For this problem, which is to predict the white wine quality group, the quality variable was transformed into binary data, with quality score >= 6 set as 1, and quality score <6 set as 0. For better and more accuracy results, the data is scaled to have mean 0 and standard deviation of 1. By comparing the results of logistic model containing all variables (accuracy rate: 75.78%) with the model chosen by Lasso, the former one has a higher AUC score on test set, indicating a better performance. Then, the Naive Bayes Classifier was used to perform classification, however, the result (accuracy rate: 70.48%) does not outperform than the logistic model containing all variables.

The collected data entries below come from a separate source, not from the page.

(* Let $\mathcal{A}$ be a C*-algebra, let $E$ be a Hilbert $\mathcal{A}$-module satisfying property $[\mathbb{H}]$, let $C\in\mathcal{K}(E)$ and put $L:=I-C$. Then: (1) For every $y$ in the norm closure of $\mathrm{Ran}(L)$ there exist sequences $(x_n)$ in $E$ and $(u_n)$ in the closed submodule $\mathrm{Ker}(L)$ such that $Lx_n=x_n-Cx_n\to y$ and, for every $n$, $$\|x_n-u_n\|=\delta_n:=\inf\{\|x_n-u\|:\ u\in \mathrm{Ker}(L)\}.$$ (2) For such sequences, the sequence $\zeta_n:=x_n-u_n$ is bounded in $E$.
   Context: A (right) Hilbert $\mathcal{A}$-module $E$ is a right $\mathcal{A}$-module with an $\mathcal{A}$-valued inner product $\langle\cdot,\cdot\rangle$ (linear in the second variable, $\langle x,ya\rangle=\langle x,y\rangle a$, $\langle y,x\rangle=\langle x,y\rangle^*$, $\langle x,x\rangle\ge 0$ with equality iff $x=0$), complete in the norm $\|x\|=\|\langle x,x\rangle\|^{1/2}$. $\mathcal{L}(E)$ denotes the C*-algebra of adjointable operators on $E$; for $x,y\in E$, $\theta_{x,y}(z)=x\langle y,z\rangle$; $\mathcal{K}(E)$ (the compact operators) is the norm closure in $\mathcal{L}(E)$ of the linear span of $\{\theta_{x,y}:x,y\in E\}$. $E$ satisfies property $[\mathbb{H}]$ if for every bounded sequence $(\zeta_n)$ in $E$ there exist a subsequence $(\zeta_{n_k})$ and $\zeta\in E$ such that $\langle v,\zeta_{n_k}\rangle\to\langle v,\zeta\rangle$ for every $v\in E$. *)

theory Defs
  imports "HOL-Analysis.Analysis"
begin

class cplx_vector = real_vector +
  fixes scaleC :: "complex \<Rightarrow> 'a \<Rightarrow> 'a"
  assumes scaleC_add_right: "scaleC a (x + y) = scaleC a x + scaleC a y"
    and scaleC_add_left: "scaleC (a + b) x = scaleC a x + scaleC b x"
    and scaleC_scaleC: "scaleC a (scaleC b x) = scaleC (a * b) x"
    and scaleC_one: "scaleC 1 x = x"
    and scaleR_scaleC: "scaleR r x = scaleC (complex_of_real r) x"

class cplx_normed_vector = cplx_vector + real_normed_vector +
  assumes norm_scaleC: "norm (scaleC a x) = cmod a * norm x"

class cstar_algebra = cplx_normed_vector + real_normed_algebra + banach +
  fixes cstar :: "'a \<Rightarrow> 'a"
  assumes scaleC_mult_left: "scaleC c (x * y) = scaleC c x * y"
    and scaleC_mult_right: "scaleC c (x * y) = x * scaleC c y"
    and cstar_cstar: "cstar (cstar x) = x"
    and cstar_add: "cstar (x + y) = cstar x + cstar y"
    and cstar_scaleC: "cstar (scaleC c x) = scaleC (cnj c) (cstar x)"
    and cstar_mult: "cstar (x * y) = cstar y * cstar x"
    and cstar_identity: "norm (cstar x * x) = (norm x)\<^sup>2"

definition cstar_pos :: "'a::cstar_algebra \<Rightarrow> bool" where
  "cstar_pos a \<longleftrightarrow> (\<exists>b. a = cstar b * b)"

I would say a prediction accuracy rate of 75% is quite good for a classification problem of this kind.

Open questions: 1. It has been observed that there exist some quality score with extreme values, whether these extreme observarion will affect greatly on the prediction result is unknown, and can be done in future work. 2. Besides the variables in this dataset, I’m also wondering if the year, producing area, company of the white wine also affect the quality score. 3. I’m also wondering if other machine learning algorithms such as unsupervised learning method (eg, Random Forest, Bagging, Kmeans or Hierarchical clustering) would perform in terms of prediction accuracy.